→ **TASK REQUIREMENTS**
Sort through the entries below and pull out lines containing the word "lemma".

→ **DATA FOR THIS TASK**
(* A reaction network $(X,\mathscr{R})$ admits an sf-instance if and only if it is conservative.
   Context: A reaction network (RN) $(X,\mathscr{R})$ consists of a finite non-empty set $X$ of species and a finite non-empty set $\mathscr{R}$ of reactions. Each reaction $r$ is given by stoichiometric coefficients $s^-_{xr},s^+_{xr}\in\mathbb{N}_0$. The stoichiometric matrix $S\in\mathbb{Z}^{X\times\mathscr{R}}$ has entries $S_{xr}=s^+_{xr}-s^-_{xr}$. The paper assumes throughout that RNs are closed: every reaction $r$ has $x,y$ with $S_{xr}<0<S_{yr}$. The RN is conservative if there is $m\in\mathbb{R}^X$ with all entries positive and $m^\top S=0$. A sum formula instance (sf-instance) is a matrix $A\in\mathbb{N}_0^{\mathcal{A}\times X}$, for some non-empty finite set $\mathcal{A}$ of "atoms", such that: - (i) every column of $A$ is nonzero; - (ii) $AS=0$. *)

theory Defs
  imports Complex_Main
begin

text \<open>A reaction network: species set X, reaction set R (both finite, non-empty),
  stoichiometric coefficients sm (reactant side) and sp (product side).\<close>

definition stoich :: "('x \<Rightarrow> 'r \<Rightarrow> nat) \<Rightarrow> ('x \<Rightarrow> 'r \<Rightarrow> nat) \<Rightarrow> 'x \<Rightarrow> 'r \<Rightarrow> int" where
  "stoich sm sp x r = int (sp x r) - int (sm x r)"

definition reaction_network :: "'x set \<Rightarrow> 'r set \<Rightarrow> bool" where
  "reaction_network X R \<longleftrightarrow> finite X \<and> X \<noteq> {} \<and> finite R \<and> R \<noteq> {}"

definition closed_RN :: "'x set \<Rightarrow> 'r set \<Rightarrow> ('x \<Rightarrow> 'r \<Rightarrow> nat) \<Rightarrow> ('x \<Rightarrow> 'r \<Rightarrow> nat) \<Rightarrow> bool" where
  "closed_RN X R sm sp \<longleftrightarrow>
     (\<forall>r\<in>R. \<exists>x\<in>X. \<exists>y\<in>X. stoich sm sp x r < 0 \<and> 0 < stoich sm sp y r)"

definition conservative :: "'x set \<Rightarrow> 'r set \<Rightarrow> ('x \<Rightarrow> 'r \<Rightarrow> nat) \<Rightarrow> ('x \<Rightarrow> 'r \<Rightarrow> nat) \<Rightarrow> bool" where
  "conservative X R sm sp \<longleftrightarrow>
     (\<exists>m :: 'x \<Rightarrow> real. (\<forall>x\<in>X. 0 < m x) \<and>
        (\<forall>r\<in>R. (\<Sum>x\<in>X. m x * of_int (stoich sm sp x r)) = 0))"

definition sf_instance :: "'x set \<Rightarrow> 'r set \<Rightarrow> ('x \<Rightarrow> 'r \<Rightarrow> nat) \<Rightarrow> ('x \<Rightarrow> 'r \<Rightarrow> nat)
    \<Rightarrow> 'a set \<Rightarrow> ('a \<Rightarrow> 'x \<Rightarrow> nat) \<Rightarrow> bool" where
  "sf_instance X R sm sp Atoms A \<longleftrightarrow>
     finite Atoms \<and> Atoms \<noteq> {} \<and>
     (\<forall>x\<in>X. \<exists>a\<in>Atoms. A a x \<noteq> 0) \<and>
     (\<forall>a\<in>Atoms. \<forall>r\<in>R. (\<Sum>x\<in>X. int (A a x) * stoich sm sp x r) = 0)"

text \<open>Admitting an sf-instance; atoms are taken from nat (any finite atom set can be
  relabelled injectively into nat).\<close>

definition admits_sf_instance :: "'x set \<Rightarrow> 'r set \<Rightarrow> ('x \<Rightarrow> 'r \<Rightarrow> nat) \<Rightarrow> ('x \<Rightarrow> 'r \<Rightarrow> nat) \<Rightarrow> bool" where
  "admits_sf_instance X R sm sp \<longleftrightarrow> (\<exists>(Atoms :: nat set) A. sf_instance X R sm sp Atoms A)"

end

theory Submission
  imports Defs "HOL-Analysis.Analysis"
begin

text \<open>The column sums of an sf-instance form a positive conservation law. Conversely, a positive
  conservation law is a real point of the set cut out by the integer equations \<open>m\<^sup>T S = 0\<close> and
  the open conditions \<open>m > 0\<close>. Eliminating one variable per equation reduces the search for a
  rational point of this set to the case without equations, where density of \<open>\<rat>\<close> suffices.
  Clearing denominators of a rational point gives a positive integer conservation law, which is
  an sf-instance with a single atom.\<close>

definition dot_on :: "'x set \<Rightarrow> ('x \<Rightarrow> real) \<Rightarrow> ('x \<Rightarrow> real) \<Rightarrow> real" where
  "dot_on X m c = (\<Sum>x\<in>X. m x * c x)"

lemma dot_on_diff_scaled: "dot_on X m (\<lambda>x. c x - k * d x) = dot_on X m c - k * dot_on X m d"
  unfolding dot_on_def by (simp add: algebra_simps sum_subtractf sum_distrib_left)

lemma dot_on_upd:
  assumes "finite X" "x0 \<in> X"
  shows "dot_on X (m(x0 := v)) c = dot_on X m c + (v - m x0) * c x0"
  using assms unfolding dot_on_def by (simp add: sum.remove algebra_simps)

lemma rational_approx_strict_ineqs:
  assumes "finite X" "finite G" "\<forall>g\<in>G. 0 < dot_on X m g"
  shows "\<exists>q. (\<forall>x\<in>X. q x \<in> \<rat>) \<and> (\<forall>g\<in>G. 0 < dot_on X q g)"
proof -
  have "\<exists>s. (\<forall>n. s n \<in> \<rat>) \<and> s \<longlonglongrightarrow> m x" for x
    using closure_sequential[of "m x" \<rat>] by (simp add: Rats_closure_real)
  then obtain s where s: "\<And>x n. s x n \<in> \<rat>" "\<And>x. s x \<longlonglongrightarrow> m x" by metis
  have "(\<lambda>n. dot_on X (\<lambda>x. s x n) g) \<longlonglongrightarrow> dot_on X m g" for g
    unfolding dot_on_def by (intro tendsto_intros s(2))
  then have "\<forall>\<^sub>F n in sequentially. \<forall>g\<in>G. 0 < dot_on X (\<lambda>x. s x n) g"
    using assms by (auto intro!: eventually_ball_finite order_tendstoD)
  then obtain n where "\<forall>g\<in>G. 0 < dot_on X (\<lambda>x. s x n) g"
    using eventually_happens'[OF sequentially_bot] by blast
  with s(1) show ?thesis by (intro exI[of _ "\<lambda>x. s x n"]) simp
qed

definition eliminate :: "'x \<Rightarrow> ('x \<Rightarrow> real) \<Rightarrow> ('x \<Rightarrow> real) \<Rightarrow> 'x \<Rightarrow> real" where
  "eliminate i a c = (\<lambda>x. c x - c i / a i * a x)"

lemma dot_on_eliminate:
  assumes "dot_on X m a = 0"
  shows "dot_on X m (eliminate i a c) = dot_on X m c"
  using assms dot_on_diff_scaled[of X m c "c i / a i" a] unfolding eliminate_def by simp

lemma solve_for_coordinate:
  assumes "finite X" "\<forall>x\<in>X. a x \<in> \<rat>" "\<forall>x\<in>X. q x \<in> \<rat>"
    and "i \<in> X" "a i \<noteq> 0"
  obtains q' where "\<forall>x\<in>X. q' x \<in> \<rat>" "dot_on X q' a = 0"
    "\<And>c. dot_on X q' c = dot_on X q (eliminate i a c)"
proof
  define q' where "q' = q(i := q i - dot_on X q a / a i)"
  have "dot_on X q a \<in> \<rat>"
    unfolding dot_on_def using assms(2,3) by (intro Rats_sum Rats_mult) auto
  then show "\<forall>x\<in>X. q' x \<in> \<rat>"
    unfolding q'_def using assms by auto
  show a: "dot_on X q' a = 0"
    unfolding q'_def using assms by (simp add: dot_on_upd)
  fix c
  have "dot_on X q' c = dot_on X q' (eliminate i a c)"
    using a by (simp add: dot_on_eliminate)
  also have "\<dots> = dot_on X q (eliminate i a c)"
    unfolding q'_def eliminate_def using assms by (simp add: dot_on_upd)
  finally show "dot_on X q' c = dot_on X q (eliminate i a c)" .
qed

lemma rational_point_of_rational_equations_strict_ineqs:
  assumes "finite X" "finite E" "finite G"
    and "\<forall>c\<in>E. \<forall>x\<in>X. c x \<in> \<rat>"
    and "\<forall>c\<in>E. dot_on X m c = 0" "\<forall>g\<in>G. 0 < dot_on X m g"
  shows "\<exists>q. (\<forall>x\<in>X. q x \<in> \<rat>) \<and> (\<forall>c\<in>E. dot_on X q c = 0) \<and> (\<forall>g\<in>G. 0 < dot_on X q g)"
  using assms(2-)
proof (induction "card E" arbitrary: E G rule: less_induct)
  case less
  show ?case
  proof (cases "E = {}")
    case True
    then show ?thesis using rational_approx_strict_ineqs[OF \<open>finite X\<close>] less.prems by simp
  next
    case False
    then obtain a where a: "a \<in> E" by blast
    have smaller: "card (E - {a}) < card E"
      using less.prems(1) a by (rule card_Diff1_less)
    show ?thesis
    proof (cases "\<forall>x\<in>X. a x = 0")
      case True
      then have "dot_on X q a = 0" for q unfolding dot_on_def by simp
      moreover obtain q where "(\<forall>x\<in>X. q x \<in> \<rat>) \<and> (\<forall>c\<in>E - {a}. dot_on X q c = 0)
          \<and> (\<forall>g\<in>G. 0 < dot_on X q g)"
        using less.hyps[OF smaller, of G] less.prems by auto
      ultimately show ?thesis by blast
    next
      case False
      then obtain i where i: "i \<in> X" "a i \<noteq> 0" by blast
      let ?elim = "eliminate i a"
      have "card (?elim ` (E - {a})) < card E"
        using smaller card_image_le less.prems(1) by (meson finite_Diff le_less_trans)
      moreover have "\<forall>c\<in>?elim ` (E - {a}). \<forall>x\<in>X. c x \<in> \<rat>"
        using less.prems(3) a i(1) unfolding eliminate_def by auto
      moreover have "dot_on X m (?elim c) = dot_on X m c" for c
        using a less.prems(4) by (simp add: dot_on_eliminate)
      ultimately obtain q where q: "\<forall>x\<in>X. q x \<in> \<rat>"
        and q_eq: "\<forall>c\<in>E - {a}. dot_on X q (?elim c) = 0"
        and q_ineq: "\<forall>g\<in>G. 0 < dot_on X q (?elim g)"
        using less.hyps[of "?elim ` (E - {a})" "?elim ` G"] less.prems by auto
      obtain q' where q': "\<forall>x\<in>X. q' x \<in> \<rat>" "dot_on X q' a = 0"
        "\<And>c. dot_on X q' c = dot_on X q (?elim c)"
        using solve_for_coordinate[OF \<open>finite X\<close> bspec[OF less.prems(3) a] q i] by blast
      have "\<forall>c\<in>E. dot_on X q' c = 0"
        using q'(2,3) q_eq by (metis insert_Diff insert_iff a)
      then show ?thesis using q' q_ineq by auto
    qed
  qed
qed

lemma common_denominator:
  assumes "finite X" "\<forall>x\<in>X. q x \<in> \<rat>"
  shows "\<exists>d::nat. 0 < d \<and> (\<forall>x\<in>X. real d * q x \<in> \<int>)"
  using assms
proof (induction X rule: finite_induct)
  case empty
  show ?case by (intro exI[of _ 1]) simp
next
  case (insert y X)
  then obtain d where d: "0 < d" "\<forall>x\<in>X. real d * q x \<in> \<int>" by auto
  have "q y \<in> \<rat>" using insert.prems by simp
  then obtain a n where y: "q y = real_of_int a / real n" "n \<noteq> 0"
    unfolding Rats_eq_int_div_nat by blast
  have "real (d * n) * q x \<in> \<int>" if "x \<in> insert y X" for x
  proof (cases "x = y")
    case True
    have "real (d * n) * q y = of_int (int d * a)" using y by simp
    then show ?thesis using True by (metis Ints_of_int)
  next
    case False
    have "real (d * n) * q x = of_nat n * (real d * q x)" by simp
    then show ?thesis using False that d(2) by (metis Ints_mult Ints_of_nat insertE)
  qed
  with d(1) y(2) show ?case by (intro exI[of _ "d * n"]) auto
qed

→ **RESPONSE TO THE TASK**
lemma dot_on_diff_scaled: "dot_on X m (\<lambda>x. c x - k * d x) = dot_on X m c - k * dot_on X m d"
lemma dot_on_upd:
lemma rational_approx_strict_ineqs:
lemma dot_on_eliminate:
lemma solve_for_coordinate:
lemma rational_point_of_rational_equations_strict_ineqs:
lemma common_denominator:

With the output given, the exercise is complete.